[Dataset entries]
· · · · ·
subsection \<open>Generation of the Weyl group by simple reflections\<close>

lemma pos_root_conj_simple:
  "b \<in> Phi \<Longrightarrow> pos_comb b \<Longrightarrow> \<exists>ys e. set ys \<subseteq> Delta \<and> e \<in> Delta \<and> b = refl_prod ys e"
proof (induction "card {c\<in>Phi. height c < height b}" arbitrary: b rule: less_induct)
  case less
  show ?case
  proof (cases "b \<in> Delta")
    case True
    then show ?thesis by (intro exI[of _ "[]"] exI[of _ b]) simp
  next
    case False
    obtain d where d: "d \<in> Delta" "b \<bullet> d > 0" using pos_root_has_pos_simple[OF less(2,3)] by auto
    have dP: "d \<in> Phi" "d \<noteq> 0" using d Delta_subset zero_notin_Delta by auto
    define c where "c = refl d b"
    have c: "c \<in> Phi" "pos_comb c"
      unfolding c_def using refl_in_Phi[OF dP(1) less(2)] simple_refl_pos[OF d(1) less(2,3)] False d
      by auto
    have "2 * (b \<bullet> d) / (d \<bullet> d) > 0" using d dP by simp
    then have "height c < height b"
      unfolding c_def using height_simple_refl[OF d(1)] by simp
    then have "{x\<in>Phi. height x < height c} \<subset> {x\<in>Phi. height x < height b}"
      using c by auto
    then have "card {x\<in>Phi. height x < height c} < card {x\<in>Phi. height x < height b}"
      using finite_Phi by (intro psubset_card_mono) auto
    from less(1)[OF this c] obtain ys e where ys: "set ys \<subseteq> Delta" "e \<in> Delta" "c = refl_prod ys e"
      by auto
    have "b = refl_prod (d # ys) e" using ys dP unfolding c_def by (metis comp_apply refl_prod_Cons refl_refl)
    then show ?thesis using ys d by (intro exI[of _ "d # ys"] exI[of _ e]) auto
  qed
qed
· · · · ·
### Task instructions
Reproduce the records above exactly, starting with the line that contains "using c by auto" and ending with the last line.

### Answer box
      using c by auto
    then have "card {x\<in>Phi. height x < height c} < card {x\<in>Phi. height x < height b}"
      using finite_Phi by (intro psubset_card_mono) auto
    from less(1)[OF this c] obtain ys e where ys: "set ys \<subseteq> Delta" "e \<in> Delta" "c = refl_prod ys e"
      by auto
    have "b = refl_prod (d # ys) e" using ys dP unfolding c_def by (metis comp_apply refl_prod_Cons refl_refl)
    then show ?thesis using ys d by (intro exI[of _ "d # ys"] exI[of _ e]) auto
  qed
qed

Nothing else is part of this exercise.